More false negatives
Was experimenting a bit with puremagic. Unfortunately already the first two tests did not work (but file did it's job). grib might just be missing, but H5 should be detected, or?
https://github.com/galaxyproject/galaxy/blob/dev/lib/galaxy/datatypes/test/test.mz5
python -m puremagic lib/galaxy/datatypes/test/test.mz5
'lib/galaxy/datatypes/test/test.mz5' : could not be Identified
file lib/galaxy/datatypes/test/test.mz5
lib/galaxy/datatypes/test/test.mz5: Hierarchical Data Format (version 5) data
https://github.com/galaxyproject/galaxy/blob/dev/lib/galaxy/datatypes/test/test.grib
python -m puremagic lib/galaxy/datatypes/test/test.grib
'lib/galaxy/datatypes/test/test.grib' : could not be Identified
file lib/galaxy/datatypes/test/test.grib
Gridded binary (GRIB) version 1
Thanks for reporting, never heard of either of these types before!

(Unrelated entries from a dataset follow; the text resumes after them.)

text \<open>With m copies, party i holds m qubits; its local basis states are numbers X i < 2^m,
  bit k of X i being the state of its qubit from copy k.\<close>
definition mcfgs :: "nat \<Rightarrow> nat \<Rightarrow> (nat \<Rightarrow> nat) set" where
  "mcfgs N m = PiE {0..<N} (\<lambda>_. {0..<2 ^ m})"

definition copy_slice :: "(nat \<Rightarrow> nat) \<Rightarrow> nat \<Rightarrow> (nat \<Rightarrow> bool)" where
  "copy_slice X k = (\<lambda>i. bit (X i) k)"

definition rho_copies ::
  "nat \<Rightarrow> (nat \<Rightarrow> nat \<Rightarrow> bool) \<Rightarrow> real \<Rightarrow> nat \<Rightarrow> (nat \<Rightarrow> nat) \<Rightarrow> (nat \<Rightarrow> nat) \<Rightarrow> real" where
  "rho_copies N E p m X Y = (\<Prod>k<m. noisy_rho N E p (copy_slice X k) (copy_slice Y k))"

text \<open>A local operator of party i maps its 2^m-dimensional space to one qubit:
  entry A i b a (output bit b, input basis index a < 2^m). The global Kraus operator is
  the tensor product over parties.\<close>
definition kraus_prod ::
  "nat \<Rightarrow> (nat \<Rightarrow> bool \<Rightarrow> nat \<Rightarrow> complex) \<Rightarrow> (nat \<Rightarrow> bool) \<Rightarrow> (nat \<Rightarrow> nat) \<Rightarrow> complex" where
  "kraus_prod N A x X = (\<Prod>i<N. A i (x i) (X i))"

text \<open>Unnormalised output of an SLOCC (separable) operation with product Kraus operators
  K_r = A r 0 \<otimes> ... \<otimes> A r (N-1), r < R, applied to rho^{\<otimes> m}:
  sigma = sum_r K_r rho^{\<otimes> m} K_r^dagger.\<close>
definition slocc_out ::
  "nat \<Rightarrow> (nat \<Rightarrow> nat \<Rightarrow> bool) \<Rightarrow> real \<Rightarrow> nat \<Rightarrow> nat \<Rightarrow>
   (nat \<Rightarrow> nat \<Rightarrow> bool \<Rightarrow> nat \<Rightarrow> complex) \<Rightarrow> (nat \<Rightarrow> bool) \<Rightarrow> (nat \<Rightarrow> bool) \<Rightarrow> complex" where
  "slocc_out N E p m R A x y =
     (\<Sum>r<R. \<Sum>X\<in>mcfgs N m. \<Sum>Y\<in>mcfgs N m.
        kraus_prod N (A r) x X * complex_of_real (rho_copies N E p m X Y) *
        cnj (kraus_prod N (A r) y Y))"

definition out_trace ::
  "nat \<Rightarrow> (nat \<Rightarrow> nat \<Rightarrow> bool) \<Rightarrow> real \<Rightarrow> nat \<Rightarrow> nat \<Rightarrow>
   (nat \<Rightarrow> nat \<Rightarrow> bool \<Rightarrow> nat \<Rightarrow> complex) \<Rightarrow> complex" where
  "out_trace N E p m R A = (\<Sum>x\<in>cfgs N. slocc_out N E p m R A x x)"

text \<open><psi_G| sigma |psi_G> (amplitudes of psi_G are real).\<close>
definition out_overlap ::
  "nat \<Rightarrow> (nat \<Rightarrow> nat \<Rightarrow> bool) \<Rightarrow> real \<Rightarrow> nat \<Rightarrow> nat \<Rightarrow>
   (nat \<Rightarrow> nat \<Rightarrow> bool \<Rightarrow> nat \<Rightarrow> complex) \<Rightarrow> complex" where
  "out_overlap N E p m R A =
     (\<Sum>x\<in>cfgs N. \<Sum>y\<in>cfgs N.
        complex_of_real (graph_amp N E x) * slocc_out N E p m R A x y *
        complex_of_real (graph_amp N E y))"

definition out_fidelity ::
  "nat \<Rightarrow> (nat \<Rightarrow> nat \<Rightarrow> bool) \<Rightarrow> real \<Rightarrow> nat \<Rightarrow> nat \<Rightarrow>
   (nat \<Rightarrow> nat \<Rightarrow> bool \<Rightarrow> nat \<Rightarrow> complex) \<Rightarrow> real" where
  "out_fidelity N E p m R A = Re (out_overlap N E p m R A / out_trace N E p m R A)"

definition purifiable :: "nat \<Rightarrow> (nat \<Rightarrow> nat \<Rightarrow> bool) \<Rightarrow> real \<Rightarrow> bool" where
  "purifiable N E p \<longleftrightarrow>
     (\<forall>\<epsilon>>0. \<exists>m R A. out_trace N E p m R A \<noteq> 0 \<and> out_fidelity N E p m R A \<ge> 1 - \<epsilon>)"

end

theory Submission
  imports Defs "HOL-Analysis.Convex"
begin

text \<open>Let a be a vertex of minimum degree D and b one of its neighbours. Every SLOCC protocol
  is local with respect to the cut between party a and all others, so it maps states that are
  separable across this cut to separable states. Writing q = 1 - p, Z-noise multiplies each
  coherence of the graph state by (1 - 2p) per differing qubit; grouping the noise patterns on
  the neighbourhood of a with their complements writes the noisy state as a mixture of dephased
  pairs of Bell-type states with weights p^k q^(D-k) and p^(D-k) q^k. Each pair is separable when
  (1 - 2p) times either weight is at most the other, and the worst case k = 0 is exactly the
  hypothesis (1 - 2p) q^D \<le> p^D. Conversely, because a has the neighbour b, every product
  vector across the cut has overlap at most 1/2 with the graph state, so every separable output
  has fidelity at most 1/2.\<close>

section \<open>Separability across the cut at one party\<close>

definition product_vector :: "nat \<Rightarrow> ((nat \<Rightarrow> 'v) \<Rightarrow> complex) \<Rightarrow> bool" where
  "product_vector a u \<longleftrightarrow>
     (\<exists>f g. (\<forall>x z. g (x(a := z)) = g x) \<and> (\<forall>x. u x = f (x a) * g x))"

text \<open>Kernels indexed by configurations of all parties are unnormalised density matrices;
  separability is with respect to the cut between party a and all other parties.\<close>
inductive separable :: "nat \<Rightarrow> ((nat \<Rightarrow> 'v) \<Rightarrow> (nat \<Rightarrow> 'v) \<Rightarrow> complex) \<Rightarrow> bool" for a where
  separable_zero: "separable a (\<lambda>x y. 0)"
| separable_rank_one: "product_vector a u \<Longrightarrow> separable a (\<lambda>x y. u x * cnj (u y))"
| separable_add: "separable a K \<Longrightarrow> separable a L \<Longrightarrow> separable a (\<lambda>x y. K x y + L x y)"

lemma product_vectorI:
  "(\<And>x z. g (x(a := z)) = g x) \<Longrightarrow> (\<And>x. u x = f (x a) * g x) \<Longrightarrow> product_vector a u"
  unfolding product_vector_def by blast

lemma product_vectorE:
  assumes "product_vector a u"
  obtains f g where "\<And>x. u x = f (x a) * g x" and "\<And>x z. g (x(a := z)) = g x"
proof -
  from assms obtain f g where "\<forall>x. u x = f (x a) * g x" and "\<forall>x z. g (x(a := z)) = g x"
    unfolding product_vector_def by blast
  then show thesis using that by blast
qed

lemma product_vector_const: "product_vector a (\<lambda>_. c)"
  by (rule product_vectorI[where f = "\<lambda>_. c" and g = "\<lambda>_. 1"]) simp_all

lemma product_vector_mult:
  assumes "product_vector a u" and "product_vector a v"
  shows "product_vector a (\<lambda>x. u x * v x)"
proof -
  obtain f g where u: "\<And>x. u x = f (x a) * g x" and g: "\<And>x z. g (x(a := z)) = g x"
    using assms(1) by (elim product_vectorE) blast
  obtain f' g' where v: "\<And>x. v x = f' (x a) * g' x" and g': "\<And>x z. g' (x(a := z)) = g' x"
    using assms(2) by (elim product_vectorE) blast
  show ?thesis
    by (rule product_vectorI[where f = "\<lambda>b. f b * f' b" and g = "\<lambda>x. g x * g' x"])
       (simp_all add: g g' u v algebra_simps)
qed

lemma separable_cong: "separable a K \<Longrightarrow> (\<And>x y. K x y = L x y) \<Longrightarrow> separable a L"
  by (metis ext)

lemma separable_rank_oneI:
  "product_vector a u \<Longrightarrow> (\<And>x y. K x y = u x * cnj (u y)) \<Longrightarrow> separable a K"
  by (erule separable_cong[OF separable_rank_one]) simp

lemma separable_scaleR:
  assumes "separable a K" and "0 \<le> c"
  shows "separable a (\<lambda>x y. complex_of_real c * K x y)"
  using assms(1)
proof induction
  case separable_zero
  then show ?case by (simp add: separable.separable_zero)
next
  case (separable_rank_one u)
  let ?v = "\<lambda>x. complex_of_real (sqrt c) * u x"
  have "product_vector a ?v"
    by (rule product_vector_mult[OF product_vector_const separable_rank_one])
  moreover have "complex_of_real c = complex_of_real (sqrt c) * complex_of_real (sqrt c)"
    using assms(2) by (simp flip: of_real_mult)
  ultimately show ?case
    by (elim separable_rank_oneI) (simp add: algebra_simps)
next
  case (separable_add K L)
  then show ?case
    using separable.separable_add[OF separable_add(3,4)] by (simp add: algebra_simps)
qed

lemma separable_scaled_rank_one:
  "product_vector a u \<Longrightarrow> 0 \<le> c \<Longrightarrow> separable a (\<lambda>x y. complex_of_real c * (u x * cnj (u y)))"
  by (rule separable_scaleR[OF separable_rank_one])

lemma separable_mult:
  assumes "separable a K" and "separable a L"
  shows "separable a (\<lambda>x y. K x y * L x y)"
  using assms(1)
proof induction
  case separable_zero
  then show ?case by (simp add: separable.separable_zero)
next
  case (separable_rank_one u)
  show ?case
    using assms(2)
  proof induction
    case separable_zero
    then show ?case by (simp add: separable.separable_zero)
  next
    case (separable_rank_one v)
    have "product_vector a (\<lambda>x. u x * v x)"
      by (rule product_vector_mult[OF \<open>product_vector a u\<close> separable_rank_one])
    then show ?case by (rule separable_rank_oneI) (simp add: algebra_simps)
  next
    case (separable_add K L)
    then show ?case
      using separable.separable_add[OF separable_add(3,4)] by (simp add: algebra_simps)
  qed
next
  case (separable_add K1 K2)
  then show ?case
    using separable.separable_add[OF separable_add(3,4)] by (simp add: algebra_simps)
qed

lemma separable_one: "separable a (\<lambda>x y. 1)"
  by (rule separable_rank_oneI[OF product_vector_const[of a 1]]) simp

lemma separable_sum:
  "finite I \<Longrightarrow> (\<And>i. i \<in> I \<Longrightarrow> separable a (F i)) \<Longrightarrow> separable a (\<lambda>x y. \<Sum>i\<in>I. F i x y)"
  by (induction I rule: finite_induct) (auto intro: separable_zero separable_add)

lemma separable_prod:
  "finite I \<Longrightarrow> (\<And>i. i \<in> I \<Longrightarrow> separable a (F i)) \<Longrightarrow> separable a (\<lambda>x y. \<Prod>i\<in>I. F i x y)"
  by (induction I rule: finite_induct) (auto intro: separable_one separable_mult)

lemma separable_copy_slice:
  assumes "separable a (K :: (nat \<Rightarrow> bool) \<Rightarrow> (nat \<Rightarrow> bool) \<Rightarrow> complex)"
  shows "separable a (\<lambda>X Y. K (copy_slice X k) (copy_slice Y k))"
  using assms
proof induction
  case separable_zero
  then show ?case by (simp add: separable.separable_zero)
next
  case (separable_rank_one u)
  then obtain f g where u: "\<And>x. u x = f (x a) * g x" and g: "\<And>x z. g (x(a := z)) = g x"
    by (elim product_vectorE) blast
  have slice_upd: "copy_slice (X(a := n)) k = (copy_slice X k)(a := bit n k)"
    for X :: "nat \<Rightarrow> nat" and n
    by (auto simp: copy_slice_def)
  have "product_vector a (\<lambda>X. f (bit (X a) k) * g (copy_slice X k))"
    by (rule product_vectorI) (simp_all add: slice_upd g)
  then show ?case by (rule separable_rank_oneI) (simp add: u copy_slice_def)
next
  case (separable_add K L)
  then show ?case using separable.separable_add[OF separable_add(3,4)] by simp
qed

lemma bij_betw_mcfgs_fun_upd:
  assumes "a < N"
  shows "bij_betw (\<lambda>(n, X). X(a := n)) ({0..<2 ^ m} \<times> {X \<in> mcfgs N m. X a = 0}) (mcfgs N m)"
proof (rule bij_betwI[where g = "\<lambda>X. (X a, X(a := 0))"])
  have upd: "X(a := n) \<in> mcfgs N m" if "X \<in> mcfgs N m" "n < 2 ^ m" for X n
    using that assms PiE_fun_upd[of n "\<lambda>_. {0..<2 ^ m}" a X "{0..<N}"]
    by (simp add: mcfgs_def insert_absorb)
  show "(\<lambda>(n, X). X(a := n)) \<in> {0..<2 ^ m} \<times> {X \<in> mcfgs N m. X a = 0} \<rightarrow> mcfgs N m"
    using upd by auto
  show "(\<lambda>X. (X a, X(a := 0))) \<in> mcfgs N m \<rightarrow> {0..<2 ^ m} \<times> {X \<in> mcfgs N m. X a = 0}"
    using upd assms by (auto simp: mcfgs_def)
qed auto

lemma product_vector_local_kraus:
  assumes "a < N" and g: "\<And>X z. g (X(a := z)) = g X"
  shows "product_vector a (\<lambda>x. \<Sum>X\<in>mcfgs N m. kraus_prod N B x X * (f (X a) * g X))"
proof -
  define M0 where "M0 = {X \<in> mcfgs N m. X a = 0}"
  define h where "h x X = (\<Prod>i\<in>{..<N} - {a}. B i (x i) (X i)) * g X" for x X
  have split: "kraus_prod N B x (X(a := n)) * (f n * g (X(a := n))) = B a (x a) n * f n * h x X"
    for x X n
  proof -
    have "kraus_prod N B x Y = B a (x a) (Y a) * (\<Prod>i\<in>{..<N} - {a}. B i (x i) (Y i))" for Y
      unfolding kraus_prod_def using \<open>a < N\<close> by (subst prod.remove[of _ a]) auto
    moreover have "(\<Prod>i\<in>{..<N} - {a}. B i (x i) ((X(a := n)) i))
        = (\<Prod>i\<in>{..<N} - {a}. B i (x i) (X i))"
      by (rule prod.cong) auto
    ultimately show ?thesis by (simp add: h_def g)
  qed
  have "(\<Sum>X\<in>mcfgs N m. kraus_prod N B x X * (f (X a) * g X))
      = (\<Sum>(n, X)\<in>{0..<2 ^ m} \<times> M0. kraus_prod N B x (X(a := n)) * (f n * g (X(a := n))))" for x
    unfolding M0_def
    by (subst sum.reindex_bij_betw[OF bij_betw_mcfgs_fun_upd[OF \<open>a < N\<close>], symmetric])
       (simp add: case_prod_beta)
  also have "\<dots> x = (\<Sum>n<2 ^ m. B a (x a) n * f n) * (\<Sum>X\<in>M0. h x X)" for x
    unfolding split sum_product sum.cartesian_product atLeast0LessThan
    by (rule sum.cong) (auto simp: algebra_simps)
  finally show ?thesis
  proof (rule product_vectorI[rotated])
    show "(\<Sum>X\<in>M0. h (x(a := b)) X) = (\<Sum>X\<in>M0. h x X)" for x b
      unfolding h_def by (intro sum.cong refl arg_cong2[where f = "(*)"] prod.cong) auto
  qed
qed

For MZ5 I see the standard from nasa is returning 404 https://earthdata.nasa.gov/esdis/eso/standards-and-references/hdf-eos5 there is also information on it here https://docs.ogc.org/is/18-043r3/18-043r3.html but no mention of magic numbers.
Opening the file itself, starts with ‰HDF so can probably use that with low accuracy. Do you have any more examples of these file types I could look through?
Pulled down that repo and looked in the folder with the example files. Compared to file there are 25 file types that puremagic does not have matches for, removing ones from file that are only reported as ASCII, data, or very short file.
.h5
.model
.biom2
.cool
.grib
.mcool
.vcf
.sam
.loom
.h5ad
.h5mlm
.nii2
.gpr
.npy
.rma6
.cel
.bcf_uncompressed
.mztab2
.parquet
.ptkscmp
.iqtree
.mz5
.fcs
.hdt
.gal
I will start looking into each of those and seeing if they have magic numbers associated with them we can add to pure magic.
Thank you for raising this issue, and supplying the great source of example files!